Znaleziono 0 artykułów
05.11.2023

Francuskie marki, dzięki którym zbudujecie kapsułową garderobę w paryskim stylu

05.11.2023
(Fot. materiały prasowe)

Są wśród nich zarówno marki, które skradły serca konserwatystek paryskiego stylu, jak i nowego pokolenia, czerpiącego z barokowych obfitości oraz frywolności Moulin Rouge. Jest adres, pod którym znajdziecie prawdziwie francuskie trencze na jesienną niepogodę, kaszmirowe swetry oraz niezawodne torby. Jest tu trochę romantycznego spojrzenia na Francję i odbicie tego, jaka jest – zbudowana na kulturowym tyglu i tak barwnej dziś modzie.
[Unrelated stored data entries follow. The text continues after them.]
(* Let $f_i:\mathbb{R}^p\to\mathbb{R}$, $1\le i\le n$, be $L_i$-smooth for some $L_i>0$, and suppose $f=\frac1n\sum_{i=1}^nf_i$ takes the form $f(x)=g(Hx)$ for an $\alpha$-strongly convex ($\alpha>0$) and $\mathbf{L}$-smooth function $g:\mathbb{R}^m\to\mathbb{R}$ and $H\in\mathbb{R}^{m\times p}$, and that the set $X^*$ of minimizers of $f$ is nonempty. Assume one of the following holds: (1) each $f_i$ is bounded below, $1\le i\le n$; (2) $f_i(x)=f_i(x+v)$ for all $x\in\mathbb{R}^p$, all $v\in\mathrm{Ker}(H)$ and all $1\le i\le n$. Then $$\sup_{x\in X^*}\Big(\sum_{j=1}^n\|\nabla f_j(x)\|^2\Big)^{1/2}<\infty.$$
   Context: $h$ is $L$-smooth if $\|\nabla h(x)-\nabla h(y)\|\le L\|x-y\|$ for all $x,y$; $\alpha$-strongly convex if $h(y)\ge h(x)+\langle y-x,\nabla h(x)\rangle+\frac\alpha2\|y-x\|^2$ for all $x,y$. $X^*=\{x\in\mathbb{R}^p: f(x)=\min f\}$. Norms are Euclidean. *)

theory Defs
  imports "HOL-Analysis.Analysis"
begin

definition grad :: "('a::euclidean_space \<Rightarrow> real) \<Rightarrow> 'a \<Rightarrow> 'a" where
  "grad f x = (SOME v. (f has_derivative (\<lambda>h. v \<bullet> h)) (at x))"

definition smooth :: "real \<Rightarrow> ('a::euclidean_space \<Rightarrow> real) \<Rightarrow> bool" where
  "smooth L f \<longleftrightarrow> (\<forall>x. f differentiable (at x)) \<and>
     (\<forall>x y. norm (grad f x - grad f y) \<le> L * norm (x - y))"

definition strongly_convex :: "real \<Rightarrow> ('a::euclidean_space \<Rightarrow> real) \<Rightarrow> bool" where
  "strongly_convex \<alpha> h \<longleftrightarrow>
     (\<forall>x y. h y \<ge> h x + (y - x) \<bullet> grad h x + \<alpha> / 2 * (norm (y - x))\<^sup>2)"

definition minimizers :: "('a \<Rightarrow> real) \<Rightarrow> 'a set" where
  "minimizers f = {x. \<forall>y. f x \<le> f y}"

end

theory Submission
  imports Defs
begin

text \<open>On \<open>X\<^sup>*\<close> the sum \<open>\<Sum>i. f\<^sub>i\<close> is constant. If every \<open>f\<^sub>i\<close> is bounded below, an \<open>L\<^sub>i\<close>-smooth
  function satisfies \<open>\<parallel>\<nabla>f\<^sub>i x\<parallel>\<^sup>2 \<le> 4 L\<^sub>i (f\<^sub>i x - inf f\<^sub>i)\<close> (one gradient step from \<open>x\<close> cannot go
  below the infimum), and \<open>f\<^sub>i x - inf f\<^sub>i\<close> is dominated by the constant \<open>\<Sum>\<^sub>k (f\<^sub>k x - inf f\<^sub>k)\<close>.
  Otherwise, strong convexity of \<open>g\<close> forces \<open>H x\<close> to be the same for all \<open>x \<in> X\<^sup>*\<close>, so any two
  minimizers differ by a vector of \<open>Ker H\<close>; invariance of the \<open>f\<^sub>i\<close> along \<open>Ker H\<close> makes
  their gradients, hence the supremum, constant on \<open>X\<^sup>*\<close>.\<close>

lemma has_derivative_grad:
  fixes f :: "'a::euclidean_space \<Rightarrow> real"
  assumes "f differentiable (at x)"
  shows "(f has_derivative (\<lambda>h. grad f x \<bullet> h)) (at x)"
proof -
  obtain f' where f': "(f has_derivative f') (at x)"
    using assms unfolding differentiable_def by blast
  then have "linear f'" by (rule has_derivative_linear)
  define v where "v = (\<Sum>b\<in>Basis. f' b *\<^sub>R b)"
  have "f' = (\<lambda>h. v \<bullet> h)"
  proof
    fix h
    have "f' h = f' (\<Sum>b\<in>Basis. (h \<bullet> b) *\<^sub>R b)" by (simp add: euclidean_representation)
    also have "\<dots> = (\<Sum>b\<in>Basis. (h \<bullet> b) * f' b)"
      using \<open>linear f'\<close> by (simp add: linear_sum linear_scale)
    also have "\<dots> = v \<bullet> h"
      unfolding v_def by (simp add: inner_sum_right inner_commute mult.commute)
    finally show "f' h = v \<bullet> h" .
  qed
  with f' have "\<exists>v. (f has_derivative (\<lambda>h. v \<bullet> h)) (at x)" by blast
  then show ?thesis unfolding grad_def by (rule someI_ex)
qed

lemma grad_eqI:
  fixes f :: "'a::euclidean_space \<Rightarrow> real"
  assumes "(f has_derivative (\<lambda>h. D \<bullet> h)) (at x)"
  shows "grad f x = D"
proof -
  have "f differentiable (at x)" using assms unfolding differentiable_def by blast
  then have "(f has_derivative (\<lambda>h. grad f x \<bullet> h)) (at x)" by (rule has_derivative_grad)
  then have "(\<lambda>h. grad f x \<bullet> h) = (\<lambda>h. D \<bullet> h)" using assms by (rule has_derivative_unique)
  from fun_cong[OF this, of "grad f x - D"] have "(grad f x - D) \<bullet> (grad f x - D) = 0"
    by (simp add: inner_diff_left)
  then show ?thesis by simp
qed

lemma grad_translation_invariant:
  fixes h :: "'a::euclidean_space \<Rightarrow> real"
  assumes "h differentiable (at x)" and periodic: "\<forall>y. h (y + v) = h y"
  shows "grad h (x + v) = grad h x"
proof -
  have "((\<lambda>y. y - v) has_derivative (\<lambda>k. k)) (at (x + v))"
    by (auto intro!: derivative_eq_intros)
  from has_derivative_compose[OF this, of h] has_derivative_grad[OF assms(1)]
  have "((\<lambda>y. h (y - v)) has_derivative (\<lambda>k. grad h x \<bullet> k)) (at (x + v))" by simp
  moreover have "(\<lambda>y. h (y - v)) = h"
  proof
    fix y
    show "h (y - v) = h y" using periodic[rule_format, of "y - v"] by simp
  qed
  ultimately show ?thesis by (simp add: grad_eqI)
qed

text \<open>A crude form of the descent lemma (constant \<open>L\<close> instead of \<open>L/2\<close>), obtained from the
  mean value theorem on the segment from \<open>x\<close> to \<open>x + d\<close>.\<close>

lemma smooth_upper_bound:
  fixes h :: "'a::euclidean_space \<Rightarrow> real"
  assumes sm: "smooth L h" and "L \<ge> 0"
  shows "h (x + d) \<le> h x + grad h x \<bullet> d + L * (norm d)\<^sup>2"
proof -
  define G where "G = grad h x"
  define \<psi> where "\<psi> t = h (x + t *\<^sub>R d) - t * (G \<bullet> d)" for t
  have hd: "\<And>z. (h has_derivative (\<lambda>k. grad h z \<bullet> k)) (at z)"
    using sm unfolding smooth_def by (blast intro: has_derivative_grad)
  have der: "DERIV \<psi> t :> (grad h (x + t *\<^sub>R d) - G) \<bullet> d" for t
  proof -
    have "((\<lambda>t. x + t *\<^sub>R d) has_derivative (\<lambda>s. s *\<^sub>R d)) (at t)"
      by (auto intro!: derivative_eq_intros)
    from has_derivative_compose[OF this hd]
    have "((\<lambda>t. h (x + t *\<^sub>R d)) has_derivative (\<lambda>s. grad h (x + t *\<^sub>R d) \<bullet> (s *\<^sub>R d))) (at t)"
      by (simp add: o_def)
    then have "(\<psi> has_derivative (\<lambda>s. grad h (x + t *\<^sub>R d) \<bullet> (s *\<^sub>R d) - s * (G \<bullet> d))) (at t)"
      unfolding \<psi>_def by (auto intro!: derivative_eq_intros)
    moreover have "(\<lambda>s. grad h (x + t *\<^sub>R d) \<bullet> (s *\<^sub>R d) - s * (G \<bullet> d)) =
        (*) ((grad h (x + t *\<^sub>R d) - G) \<bullet> d)"
      by (auto simp: algebra_simps inner_diff_left)
    ultimately show ?thesis unfolding has_field_derivative_def by simp
  qed
  obtain z where z: "0 < z" "z < 1" and mvt: "\<psi> 1 - \<psi> 0 = (grad h (x + z *\<^sub>R d) - G) \<bullet> d"
    using MVT2[of 0 1 \<psi> "\<lambda>t. (grad h (x + t *\<^sub>R d) - G) \<bullet> d"] der by auto
  have "(grad h (x + z *\<^sub>R d) - G) \<bullet> d \<le> norm (grad h (x + z *\<^sub>R d) - G) * norm d"
    using norm_cauchy_schwarz by (rule order_trans[rotated]) simp
  also have "\<dots> \<le> L * norm (z *\<^sub>R d) * norm d"
  proof (rule mult_right_mono)
    show "norm (grad h (x + z *\<^sub>R d) - G) \<le> L * norm (z *\<^sub>R d)"
      using sm unfolding smooth_def G_def by (metis add_diff_cancel_left')
  qed simp
  also have "\<dots> = z * (L * (norm d)\<^sup>2)"
    using z by (simp add: power2_eq_square)
  also have "\<dots> \<le> L * (norm d)\<^sup>2"
    using z \<open>L \<ge> 0\<close> by (simp add: mult_left_le_one_le)
  finally show ?thesis using mvt unfolding \<psi>_def G_def by simp
qed

lemma smooth_bounded_below_grad_bound:
  fixes h :: "'a::euclidean_space \<Rightarrow> real"
  assumes sm: "smooth L h" and "L > 0" and lower: "\<forall>y. m \<le> h y"
  shows "(norm (grad h x))\<^sup>2 \<le> 4 * L * (h x - m)"
proof -
  define G where "G = grad h x"
  define c where "c = 1 / (2 * L)"
  have "G \<bullet> (c *\<^sub>R G) = c * (norm G)\<^sup>2"
    by (simp add: dot_square_norm)
  moreover have "L * (norm (c *\<^sub>R G))\<^sup>2 = c / 2 * (norm G)\<^sup>2"
    using \<open>L > 0\<close> unfolding c_def by (simp add: power_mult_distrib power2_eq_square)
  moreover have "h (x - c *\<^sub>R G) \<le> h x - G \<bullet> (c *\<^sub>R G) + L * (norm (c *\<^sub>R G))\<^sup>2"
    using smooth_upper_bound[OF sm, of x "- c *\<^sub>R G"] \<open>L > 0\<close> unfolding G_def by simp
  moreover have "m \<le> h (x - c *\<^sub>R G)" using lower by blast
  ultimately have "c / 2 * (norm G)\<^sup>2 \<le> h x - m" by linarith
  then show ?thesis using \<open>L > 0\<close> unfolding G_def c_def by (simp add: field_simps)
qed

lemma sum_grad_norm_sq_le:
  fixes h :: "'i \<Rightarrow> 'a::euclidean_space \<Rightarrow> real"
  assumes "finite I"
    and sm: "\<forall>i\<in>I. smooth (L i) (h i)" and L_pos: "\<forall>i\<in>I. L i > 0"
    and bdd: "\<forall>i\<in>I. bdd_below (range (h i))"
  shows "(\<Sum>j\<in>I. (norm (grad (h j) x))\<^sup>2)
           \<le> (\<Sum>j\<in>I. 4 * L j) * (\<Sum>k\<in>I. h k x - Inf (range (h k)))"
proof -
  have gap_nonneg: "0 \<le> h k x - Inf (range (h k))" if "k \<in> I" for k
    using bdd that by (simp add: cInf_lower)
  have "(norm (grad (h j) x))\<^sup>2 \<le> 4 * L j * (\<Sum>k\<in>I. h k x - Inf (range (h k)))" if j: "j \<in> I" for j
  proof -
    have "(norm (grad (h j) x))\<^sup>2 \<le> 4 * L j * (h j x - Inf (range (h j)))"
      using sm L_pos bdd j by (intro smooth_bounded_below_grad_bound) (auto intro: cInf_lower)
    also have "\<dots> \<le> 4 * L j * (\<Sum>k\<in>I. h k x - Inf (range (h k)))"
      using L_pos j gap_nonneg \<open>finite I\<close> by (intro mult_left_mono member_le_sum) auto
    finally show ?thesis .
  qed
  then have "(\<Sum>j\<in>I. (norm (grad (h j) x))\<^sup>2)
               \<le> (\<Sum>j\<in>I. 4 * L j * (\<Sum>k\<in>I. h k x - Inf (range (h k))))"
    by (rule sum_mono)
  then show ?thesis by (simp only: sum_distrib_right)
qed

lemma strongly_convex_midpoint:
  assumes "strongly_convex \<alpha> g"
  shows "2 * g c + \<alpha> * (norm e)\<^sup>2 \<le> g (c + e) + g (c - e)"
  using assms[unfolded strongly_convex_def, rule_format, of c "c + e"]
    assms[unfolded strongly_convex_def, rule_format, of c "c - e"]
  by (simp add: inner_minus_left)

lemma minimizers_strongly_convex_comp_linear:
  fixes A :: "'a::real_vector \<Rightarrow> 'b::euclidean_space"
  assumes "linear A" and "\<alpha> > 0" and "strongly_convex \<alpha> g"
    and x: "x \<in> minimizers (\<lambda>x. g (A x))" and y: "y \<in> minimizers (\<lambda>x. g (A x))"
  shows "A x = A y"
proof -
  define c where "c = (1/2) *\<^sub>R (A x + A y)"
  define e where "e = (1/2) *\<^sub>R (A x - A y)"
  have "A x = c + e" "A y = c - e"
    unfolding c_def e_def by (simp_all add: algebra_simps flip: scaleR_add_left)
  moreover have "A ((1/2) *\<^sub>R (x + y)) = c"
    unfolding c_def using \<open>linear A\<close> by (simp add: linear_add linear_scale)
  moreover have "g (A x) \<le> g (A ((1/2) *\<^sub>R (x + y)))" "g (A y) \<le> g (A ((1/2) *\<^sub>R (x + y)))"
    using x y unfolding minimizers_def by auto
  ultimately have "\<alpha> * (norm e)\<^sup>2 \<le> 0"
    using strongly_convex_midpoint[OF \<open>strongly_convex \<alpha> g\<close>, of c e] by simp
  then have "e = 0" using \<open>\<alpha> > 0\<close> by (simp add: mult_le_0_iff)
  then show ?thesis using \<open>A x = c + e\<close> \<open>A y = c - e\<close> by simp
qed

lemma grad_eq_on_minimizers_strongly_convex_comp_linear:
  fixes A :: "'a::euclidean_space \<Rightarrow> 'b::euclidean_space"
  assumes "linear A" and "\<alpha> > 0" and "strongly_convex \<alpha> g"
    and "h differentiable (at x)" and ker_invariant: "\<forall>z v. A v = 0 \<longrightarrow> h (z + v) = h z"
    and "x \<in> minimizers (\<lambda>x. g (A x))" and "y \<in> minimizers (\<lambda>x. g (A x))"
  shows "grad h y = grad h x"
proof -
  have "A (y - x) = 0"
    using minimizers_strongly_convex_comp_linear assms by (simp add: linear_diff)
  with ker_invariant have "grad h (x + (y - x)) = grad h x"
    by (intro grad_translation_invariant[OF \<open>h differentiable (at x)\<close>]) blast
  then show ?thesis by simp
qed

lemma minimizers_value_eq: "x \<in> minimizers f \<Longrightarrow> y \<in> minimizers f \<Longrightarrow> f x = f y"
  unfolding minimizers_def by (auto intro: order_antisym)

theorem lemma2p14:
  fixes n :: nat
    and fi :: "nat \<Rightarrow> real^'p \<Rightarrow> real"
    and L :: "nat \<Rightarrow> real"
    and g :: "real^'m \<Rightarrow> real"
    and H :: "real^'p^'m"
    and \<alpha> Lg :: real
    and f :: "real^'p \<Rightarrow> real"
  assumes n_pos: "n \<ge> 1"
    and L_pos: "\<forall>i\<in>{1..n}. L i > 0"
    and fi_smooth: "\<forall>i\<in>{1..n}. smooth (L i) (fi i)"
    and f_def: "\<forall>x. f x = (1 / real n) * (\<Sum>i=1..n. fi i x)"
    and f_comp: "\<forall>x. f x = g (H *v x)"
    and alpha_pos: "\<alpha> > 0"
    and g_sc: "strongly_convex \<alpha> g"
    and g_smooth: "smooth Lg g"
    and Xstar_ne: "minimizers f \<noteq> {}"
    and cases: "(\<forall>i\<in>{1..n}. bdd_below (range (fi i))) \<or>
                (\<forall>i\<in>{1..n}. \<forall>x v. H *v v = 0 \<longrightarrow> fi i (x + v) = fi i x)"
  shows "bdd_above ((\<lambda>x. sqrt (\<Sum>j=1..n. (norm (grad (fi j) x))\<^sup>2)) ` minimizers f)"
proof -
  obtain x0 where x0: "x0 \<in> minimizers f" using Xstar_ne by blast
  have f_eq: "f = (\<lambda>x. g (H *v x))" using f_comp by blast
  have sum_const: "(\<Sum>k=1..n. fi k x) = (\<Sum>k=1..n. fi k x0)" if "x \<in> minimizers f" for x
    using minimizers_value_eq[OF that x0] f_def n_pos by simp
  from cases show ?thesis
  proof
    assume bdd: "\<forall>i\<in>{1..n}. bdd_below (range (fi i))"
    have "(\<Sum>j=1..n. (norm (grad (fi j) x))\<^sup>2)
            \<le> (\<Sum>j=1..n. 4 * L j) * (\<Sum>k=1..n. fi k x0 - Inf (range (fi k)))"
      if "x \<in> minimizers f" for x
    proof -
      have "(\<Sum>j=1..n. (norm (grad (fi j) x))\<^sup>2)
              \<le> (\<Sum>j=1..n. 4 * L j) * (\<Sum>k=1..n. fi k x - Inf (range (fi k)))"
        using sum_grad_norm_sq_le[OF _ fi_smooth L_pos bdd] by simp
      also have "(\<Sum>k=1..n. fi k x - Inf (range (fi k))) = (\<Sum>k=1..n. fi k x0 - Inf (range (fi k)))"
        using sum_const[OF that] by (simp add: sum_subtractf)
      finally show ?thesis .
    qed
    then show ?thesis by (auto intro!: bdd_aboveI2 real_sqrt_le_mono)
  next
    assume inv: "\<forall>i\<in>{1..n}. \<forall>x v. H *v v = 0 \<longrightarrow> fi i (x + v) = fi i x"
    have "grad (fi j) x = grad (fi j) x0" if "x \<in> minimizers f" and "j \<in> {1..n}" for x j
      using fi_smooth inv that x0 unfolding f_eq smooth_def
      by (intro grad_eq_on_minimizers_strongly_convex_comp_linear[OF matrix_vector_mul_linear alpha_pos g_sc])
        auto
    then have "(\<lambda>x. sqrt (\<Sum>j=1..n. (norm (grad (fi j) x))\<^sup>2)) ` minimizers f
                 \<subseteq> {sqrt (\<Sum>j=1..n. (norm (grad (fi j) x0))\<^sup>2)}"
      by (auto intro!: sum.cong)
    then show ?thesis by (rule bdd_above_mono[rotated]) simp
  qed
qed

end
Musier Paris: Z miłości do Paryża. Moda od stóp do głów

(Fot. materiały prasowe)

Musier Paris przeszło niemal taką samą drogę, co kultowe dziś Rouje, bo też zostało założone przez influencerkę. Na inżynierii kończą się jednak podobieństwa między markami, bo w przeciwieństwie do urodzonej w Paryżu Jeanne Damas, wychowana w Biarritz Anne-Laure Mais Moreau nie romantyzuje, nie upiększa, ani nie koloryzuje wizerunku inspirującej ją stolicy Francji. Kocha ją taką, jaka jest. A jest zbudowana na kulturowym tyglu (– Oczywiście, kolekcje odzwierciedlają mój styl. Ale marka nie skupia się na mnie. Łączę w niej wpływy dziewczyn z różnych światów – gwiazd oraz anonimowych kobiet spotykanych na ulicy – mawia Anne-Laure). Styl Musier Paris bywa minimalistyczny, ale i maksymalistyczny. Ponadczasowy oraz ekscentryczny.

(Fot. materiały prasowe)

W swoich projektach Mais Moreau zestawia złote dla miasta lata 20. XX w. (patrz: asymetryczna sukienka Margarita zwieńczona falbaną) z estetyką przełomu mileniów oraz z tym, co tu i teraz. Proponuje bitnikowskie ramoneski, architektoniczne płaszcze czy ażury, jakby nawiązujące do koronkowego dziedzictwa Calais. Są tu ołówkowe spódnice i stereotypowoparyskie pantofelki Mary-Jane. Ale, by nie były zbyt dosłowne, Anne-Laure pozbawia je pięty.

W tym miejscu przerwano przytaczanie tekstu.